Stop fraudulent accountingAccounting fraud has long been a prevalent and deep-seated problem. There had been various measures to tackle it, but fraudulent practices continue. Listed companies subject to routine audits live in fear of the bill they will get once the books are cleaned up.
Of course, the primary responsibility for stopping accounting fraud lies with the companies themselves. Companies can cook up the books and hide liabilities in many different ways if they want to, leaving their accountants to claim they could not uncover all those dubious practices.
But it is the accounting firm’s job to supervise and check a company’s financial figures to ensure they are correct. The results of those audits are the only objective criteria investors have for evaluating the companies they buy. If accounting fraud is tolerated, the stock market will lose the confidence of investors.
The Seoul Central District Court ruled in favor of shareholders of Forhuman and ordered the computer software company’s accountant, Samil PricewaterhouseCoopers, to pay 14 billion won ($13.25 million) in damages. This is the first major ruling against an accounting firm. Over the last three years, accounting firms had to pay a total of 3.4 billion won for partial responsibility and settlements in accounting scandal cases. Incorporated accounting companies came up with clever ways to escape responsibility over charged of negligence. For instance, the accountants at one company all quit en masse and then just created a new company to avoid a lawsuit against their former employer.

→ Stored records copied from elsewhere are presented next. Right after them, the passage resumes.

(* There exist universal constants $c_1,c,p>0$ such that the following holds. Let $H\ge2$, $A\ge2$, $0<\epsilon<\frac1{48\sqrt8}$ and $S\ge c_1$. Then for any algorithm and any $n\le cH^2SA/\epsilon^2$, there exists a non-stationary $H$-horizon tabular MDP with $S$ states and $A$ actions such that, when the algorithm uses $n$ episodes of data from this MDP, with probability at least $p$ it outputs a policy $\widehat\pi$ with $v^\star-v^{\widehat\pi}\ge\epsilon$.
   Context: A finite-horizon tabular MDP has finite state/action sets, horizon $H$, rewards in $[0,1]$, transition kernels $P_t$, initial distribution $d_1$. For a policy $\pi$, $v^\pi=\mathbb E^\pi[\sum_{t=1}^Hr_t]$ with $s_1\sim d_1$, and $v^\star=\sup_\pi v^\pi$. The algorithm may collect its $n$ episodes with any data-collection strategy. *)

theory Defs
  imports "HOL-Probability.Probability"
begin

text \<open>States are 0..S-1, actions 0..A-1, time steps
  are indexed 0..H-1 (corresponding to 1..H in the paper).\<close>

record mdp =
  init :: "nat pmf"
  trans :: "nat \<Rightarrow> nat \<Rightarrow> nat \<Rightarrow> nat pmf"
  rew :: "nat \<Rightarrow> nat \<Rightarrow> nat \<Rightarrow> real pmf"

definition valid_mdp :: "nat \<Rightarrow> nat \<Rightarrow> nat \<Rightarrow> mdp \<Rightarrow> bool" where
  "valid_mdp S A H M \<longleftrightarrow>
     set_pmf (init M) \<subseteq> {..<S} \<and>
     (\<forall>t<H. \<forall>s<S. \<forall>a<A. set_pmf (trans M t s a) \<subseteq> {..<S}
                      \<and> set_pmf (rew M t s a) \<subseteq> {0..1})"

text \<open>A step of a trajectory: (state, action, observed reward).\<close>
type_synonym traj = "(nat \<times> nat \<times> real) list"

text \<open>Non-stationary (Markov, possibly randomized) policy: time, state to action distribution.\<close>
type_synonym policy = "nat \<Rightarrow> nat \<Rightarrow> nat pmf"

definition valid_policy :: "nat \<Rightarrow> nat \<Rightarrow> policy \<Rightarrow> bool" where
  "valid_policy A H \<pi> \<longleftrightarrow> (\<forall>t<H. \<forall>s. set_pmf (\<pi> t s) \<subseteq> {..<A})"

primrec run_steps ::
  "mdp \<Rightarrow> (traj \<Rightarrow> nat \<Rightarrow> nat \<Rightarrow> nat pmf) \<Rightarrow> nat \<Rightarrow> nat \<Rightarrow> nat \<Rightarrow> traj \<Rightarrow> traj pmf" where
  "run_steps M act t 0 s tr = return_pmf tr"
| "run_steps M act t (Suc k) s tr =
     do { a \<leftarrow> act tr t s;
          r \<leftarrow> rew M t s a;
          s' \<leftarrow> trans M t s a;
          run_steps M act (Suc t) k s' (tr @ [(s, a, r)]) }"

definition episode :: "mdp \<Rightarrow> nat \<Rightarrow> (traj \<Rightarrow> nat \<Rightarrow> nat \<Rightarrow> nat pmf) \<Rightarrow> traj pmf" where
  "episode M H act = do { s \<leftarrow> init M; run_steps M act 0 H s [] }"

definition total_reward :: "traj \<Rightarrow> real" where
  "total_reward tr = sum_list (map (\<lambda>(s, a, r). r) tr)"

definition pol_value :: "mdp \<Rightarrow> nat \<Rightarrow> policy \<Rightarrow> real" where
  "pol_value M H \<pi> = measure_pmf.expectation (episode M H (\<lambda>tr t s. \<pi> t s)) total_reward"

definition vstar :: "mdp \<Rightarrow> nat \<Rightarrow> nat \<Rightarrow> real" where
  "vstar M A H = (SUP \<pi> \<in> {\<pi>. valid_policy A H \<pi>}. pol_value M H \<pi>)"

text \<open>An arbitrary (randomized, adaptive) algorithm: during data collection it
  chooses actions based on all previously completed episodes, the current partial
  trajectory, time and current state; after collecting data it outputs a
  (random) policy.\<close>
record algorithm =
  alg_act :: "traj list \<Rightarrow> traj \<Rightarrow> nat \<Rightarrow> nat \<Rightarrow> nat pmf"
  alg_out :: "traj list \<Rightarrow> policy pmf"

definition valid_alg :: "nat \<Rightarrow> nat \<Rightarrow> algorithm \<Rightarrow> bool" where
  "valid_alg A H alg \<longleftrightarrow>
     (\<forall>D tr t s. set_pmf (alg_act alg D tr t s) \<subseteq> {..<A}) \<and>
     (\<forall>D. \<forall>\<pi>\<in>set_pmf (alg_out alg D). valid_policy A H \<pi>)"

primrec collect :: "mdp \<Rightarrow> nat \<Rightarrow> algorithm \<Rightarrow> nat \<Rightarrow> traj list pmf" where
  "collect M H alg 0 = return_pmf []"
| "collect M H alg (Suc k) =
     do { D \<leftarrow> collect M H alg k;
          tr \<leftarrow> episode M H (alg_act alg D);
          return_pmf (D @ [tr]) }"

definition alg_output :: "mdp \<Rightarrow> nat \<Rightarrow> algorithm \<Rightarrow> nat \<Rightarrow> policy pmf" where
  "alg_output M H alg n = collect M H alg n \<bind> alg_out alg"

end

theory Submission
  imports Defs
begin

text \<open>
  In the hard instances the initial state s is uniform on {2..<S}, and the first action a moves
  to the absorbing state 1, which pays reward 1 per step, with probability 1/2 + \<delta> if a is the
  planted action \<theta> s and with probability 1/2 otherwise; else it moves to the absorbing state 0,
  which pays nothing. With \<delta> = 4 \<epsilon> / (H - 1), a policy that plays the planted action with
  average probability m has value (H - 1) (1/2 + \<delta> m), so it is \<epsilon>-suboptimal unless m \<ge> 3/4.

  Fix s and compare the data collected on the instance with \<theta> s = a with those collected on the
  instance in which s has no planted action. By the chain rule their relative entropy is KL(1/2, 1/2 + \<delta>) / (S - 2) \<le> 4 \<delta>^2 / (S - 2) per episode,
  weighted by the probability that the episode plays a at s; summed over a this is at most
  4 n \<delta>^2 / (S - 2). Bounding expectations by the Hellinger distance and using Cauchy-Schwarz over
  a, the output policy plays \<theta> s with probability at most 1/A + 2 sqrt (4 n \<delta>^2 / (A (S - 2)))
  \<le> 7/10 on average over a uniformly random \<theta>. Fixing a good \<theta>, Markov's inequality gives
  m < 3/4 with probability at least 1/15.
\<close>

section \<open>Finite distributions\<close>

lemma expectation_bind_pmf:
  fixes f :: "'b \<Rightarrow> real"
  assumes f0: "\<And>y. 0 \<le> f y" and fB: "\<And>y. f y \<le> B"
  shows "measure_pmf.expectation (bind_pmf M N) f =
         measure_pmf.expectation M (\<lambda>x. measure_pmf.expectation (N x) f)"
proof -
  have intf: "integrable (measure_pmf P) f" for P :: "'b pmf"
    by (rule measure_pmf.integrable_const_bound[where B=B]) (use f0 fB in auto)
  have g0: "0 \<le> measure_pmf.expectation (N x) f" for x
    by (rule integral_nonneg_AE) (use f0 in auto)
  have gB: "measure_pmf.expectation (N x) f \<le> B" for x
    using integral_mono[OF intf _ fB, of "N x"] by simp
  have intg: "integrable (measure_pmf M) (\<lambda>x. measure_pmf.expectation (N x) f)"
    by (rule measure_pmf.integrable_const_bound[where B=B]) (use g0 gB in auto)
  have "ennreal (measure_pmf.expectation (bind_pmf M N) f) = (\<integral>\<^sup>+y. f y \<partial>bind_pmf M N)"
    by (rule nn_integral_eq_integral[symmetric]) (use intf f0 in auto)
  also have "\<dots> = (\<integral>\<^sup>+x. \<integral>\<^sup>+y. f y \<partial>N x \<partial>M)" by simp
  also have "\<dots> = (\<integral>\<^sup>+x. ennreal (measure_pmf.expectation (N x) f) \<partial>M)"
    by (intro nn_integral_cong nn_integral_eq_integral) (use intf f0 in auto)
  also have "\<dots> = ennreal (measure_pmf.expectation M (\<lambda>x. measure_pmf.expectation (N x) f))"
    by (rule nn_integral_eq_integral) (use intg g0 in auto)
  finally show ?thesis
    by (subst (asm) ennreal_inj) (auto intro!: integral_nonneg_AE simp: f0 g0)
qed
lemma circuit_reach:
  assumes c: "circuit C" and d: "d \<in> C"
    and R: "\<And>d'. d' \<in> C \<Longrightarrow> fst d' \<noteq> fst d \<Longrightarrow> (ta d', he d') \<in> R"
  shows "(he d, ta d) \<in> R\<^sup>*"
proof -
  obtain ds where ds: "ds \<noteq> []" "set ds = C" "distinct (map fst ds)"
    "\<forall>i<length ds. he (ds ! i) = ta (ds ! ((i + 1) mod length ds))"
    using c by (rule circuitE) blast
  obtain k where k: "k < length ds" "d = ds ! k" using d ds(2) by (metis in_set_conv_nth)
  have "(he (ds ! k), ta (ds ! k)) \<in> R\<^sup>*"
  proof (rule cyclic_list_closure[OF ds(1) ds(4) k(1)])
    fix j assume j: "j < length ds" "j \<noteq> k"
    then have "fst (ds ! j) \<noteq> fst (ds ! k)" using distinct_map_nth_inj[OF ds(3)] k(1) by blast
    then show "(ta (ds ! j), he (ds ! j)) \<in> R" using R[of "ds ! j"] j ds(2) k nth_mem by blast
  qed
  then show ?thesis using k by simp
qed

lemma circuit_reach_self: "circuit C \<Longrightarrow> d \<in> C \<Longrightarrow> (he d, ta d) \<in> (darcs src tgt C)\<^sup>*"
  by (rule circuit_reach) (auto simp: darcs_def)

lemma circuit_not_bridge:
  assumes c: "circuit C" and d: "d \<in> C"
  shows "fst d \<in> BL"
proof -
  let ?f = "fst d"
  have "(he d, ta d) \<in> (adj src tgt (E - {?f}))\<^sup>*"
    by (rule circuit_reach[OF c d]) (rule adj_arc, use circuit_E[OF c] in auto)
  then have "(ta d, he d) \<in> (adj src tgt (E - {?f}))\<^sup>*" "(he d, ta d) \<in> (adj src tgt (E - {?f}))\<^sup>*"
    using adj_rtrancl_sym by auto
  then have "(src ?f, tgt ?f) \<in> (adj src tgt (E - {?f}))\<^sup>*"
    by (cases "snd d") (auto simp: otail_def ohead_def)
  then show ?thesis using circuit_E[OF c d] by (simp add: bridgeless_edges_def is_bridge_def)
qed

end
lemma sum_Kset_prod_one_factor_le:
  fixes g g' :: "real \<Rightarrow> real"
  assumes "lattice_sum_bounded g" "lattice_sum_bounded g'" "\<And>s. 0 \<le> g s" "\<And>s. 0 \<le> g' s"
  shows "\<exists>C\<ge>0. \<forall>n (a::real^'n::finite) b t i.
    (\<Sum>k\<in>Kset a b n. \<Prod>j\<in>UNIV. (if j = i then g' else g) (t j - real_of_int (k$j))) \<le> C"
proof -
  obtain C C' where
    C: "\<And>t K. finite K \<Longrightarrow> (\<Sum>k\<in>K. g (t - real_of_int k)) \<le> C" and
    C': "\<And>t K. finite K \<Longrightarrow> (\<Sum>k\<in>K. g' (t - real_of_int k)) \<le> C'"
    using assms(1,2) unfolding lattice_sum_bounded_def by blast
  have "(\<Sum>k\<in>Kset a b n. \<Prod>j\<in>UNIV. (if j = i then g' else g) (t j - real_of_int (k$j)))
      \<le> max 0 (max C C') ^ CARD('n)" for n and a b :: "real^'n" and t i
  proof (rule sum_Kset_prod_le)
    show "(if j = i then g' else g) s \<ge> 0" for j s
      using assms(3,4) by simp
    show "(\<Sum>k\<in>K. (if j = i then g' else g) (t j - real_of_int k)) \<le> max 0 (max C C')"
      if "finite K" for j K
      using C[OF that, of "t j"] C'[OF that, of "t j"] by auto
  qed
  then show ?thesis
    by (intro exI[of _ "max 0 (max C C') ^ CARD('n)"]) auto
qed

lemma one_plus_abs_le_prod:
  fixes g :: "'n::finite \<Rightarrow> real"
  shows "1 + \<bar>g i\<bar> \<le> (\<Prod>j\<in>UNIV. 1 + \<bar>g j\<bar>)"
proof -
  have "1 \<le> (\<Prod>j\<in>UNIV - {i}. 1 + \<bar>g j\<bar>)"
    by (intro prod_ge_1) auto
  then show ?thesis
    by (simp add: prod.remove[of UNIV i] mult_le_cancel_left1)
qed

lemma Rbox_subset_cbox:
  assumes "k \<in> Kset a b n" "0 < n"
  shows "Rbox k n \<subseteq> cbox a b"
proof
  fix u assume "u \<in> Rbox k n"
  then have "real_of_int (k$j) / real n \<le> u$j \<and> u$j \<le> (real_of_int (k$j) + 1) / real n" for j
    unfolding Rbox_def by (auto simp: mem_box_cart)
  moreover have "a$j \<le> real_of_int (k$j) / real n" "(real_of_int (k$j) + 1) / real n \<le> b$j" for j
  proof -
    have "\<lceil>real n * a$j\<rceil> \<le> k$j \<and> k$j \<le> \<lfloor>real n * b$j\<rfloor> - 1"
      using assms(1) unfolding Kset_def by blast
    then have "\<lceil>real n * a$j\<rceil> \<le> k$j" "k$j + 1 \<le> \<lfloor>real n * b$j\<rfloor>"
      by linarith+
    then have "real n * a$j \<le> real_of_int (k$j)" "real_of_int (k$j) + 1 \<le> real n * b$j"
      by (simp_all add: ceiling_le_iff le_floor_iff)
    then show "a$j \<le> real_of_int (k$j) / real n" "(real_of_int (k$j) + 1) / real n \<le> b$j"
      using assms(2) by (simp_all add: field_simps)
  qed
  ultimately show "u \<in> cbox a b"
    unfolding mem_box_cart by (meson order_trans)
qed

lemma content_Rbox:
  fixes k :: "int^'n::finite"
  assumes "0 < n"
  shows "Henstock_Kurzweil_Integration.content (Rbox k n) = (1 / real n) ^ CARD('n)"
proof -
  have "Rbox k n \<noteq> {}"
    unfolding Rbox_def interval_eq_empty_cart using assms by (auto simp: not_less divide_right_mono)
  then have "Henstock_Kurzweil_Integration.content (Rbox k n)
      = (\<Prod>j\<in>UNIV. (real_of_int (k$j) + 1) / real n - real_of_int (k$j) / real n)"
    unfolding Rbox_def by (subst content_cbox_cart) auto
  also have "\<dots> = (\<Prod>j\<in>(UNIV::'n set). 1 / real n)"
    by (simp add: diff_divide_distrib[symmetric])
  finally show ?thesis
    by simp
qed

lemma mem_Rbox_scaled:
  assumes "u \<in> Rbox k n" "0 < n"
  shows "real_of_int (k$j) \<le> real n * u$j" "real n * u$j \<le> real_of_int (k$j) + 1"
  using assms unfolding Rbox_def by (auto simp: mem_box_cart field_simps)

section \<open>Sigmoidal functions\<close>

lemma powr_shifted_le:
  fixes u \<alpha> :: real
  assumes "u \<ge> 2" "\<alpha> \<ge> 0"
  shows "(u - 1) powr (-1 - \<alpha>) * (u + 1) \<le> 3 powr (1 + \<alpha>) * (u + 1) powr -\<alpha>"
proof -
  have "(u - 1) powr (-1 - \<alpha>) \<le> ((u + 1) / 3) powr (-1 - \<alpha>)"
    using assms by (intro powr_mono2') auto
  also have "\<dots> = 3 powr (1 + \<alpha>) * (u + 1) powr (-1 - \<alpha>)"
  proof -
    have "3 powr (1 + \<alpha>) * 3 powr (-1 - \<alpha>) = 1"
      by (simp add: powr_add[symmetric])
    then show ?thesis
      using assms by (simp add: powr_divide divide_simps)
  qed
  finally have "(u - 1) powr (-1 - \<alpha>) * (u + 1) \<le> 3 powr (1 + \<alpha>) * ((u + 1) powr (-1 - \<alpha>) * (u + 1))"
    using assms by (simp add: mult_right_mono mult.assoc)
  also have "(u + 1) powr (-1 - \<alpha>) * (u + 1) = (u + 1) powr -\<alpha>"
    using assms by (simp add: powr_diff powr_minus divide_simps)
  finally show ?thesis .
qed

The latest court ruling demands a drastic change in the mind set and practices of accounting firms. Now that collective legal action on securities deals is possible, accountants can be pursued by lawsuits. They could end up paying a heavy price if they join with their clients in winking at fraud or collaborating in manipulating financial figures.
Accounting firms are now required to perform more rigorous audits and some worry about the quality of their audits. But their job is to pore over the books and dig up questionable numbers. They must strive to find the danger signs so that they can help prevent bad companies going worse and better protect investors from further losses. If bad signs are discovered, they must make a clear diagnosis to send the right message to the market. In that way, accounting firms will rightfully contribute to weeding out fraudulent companies and keep the market healthy.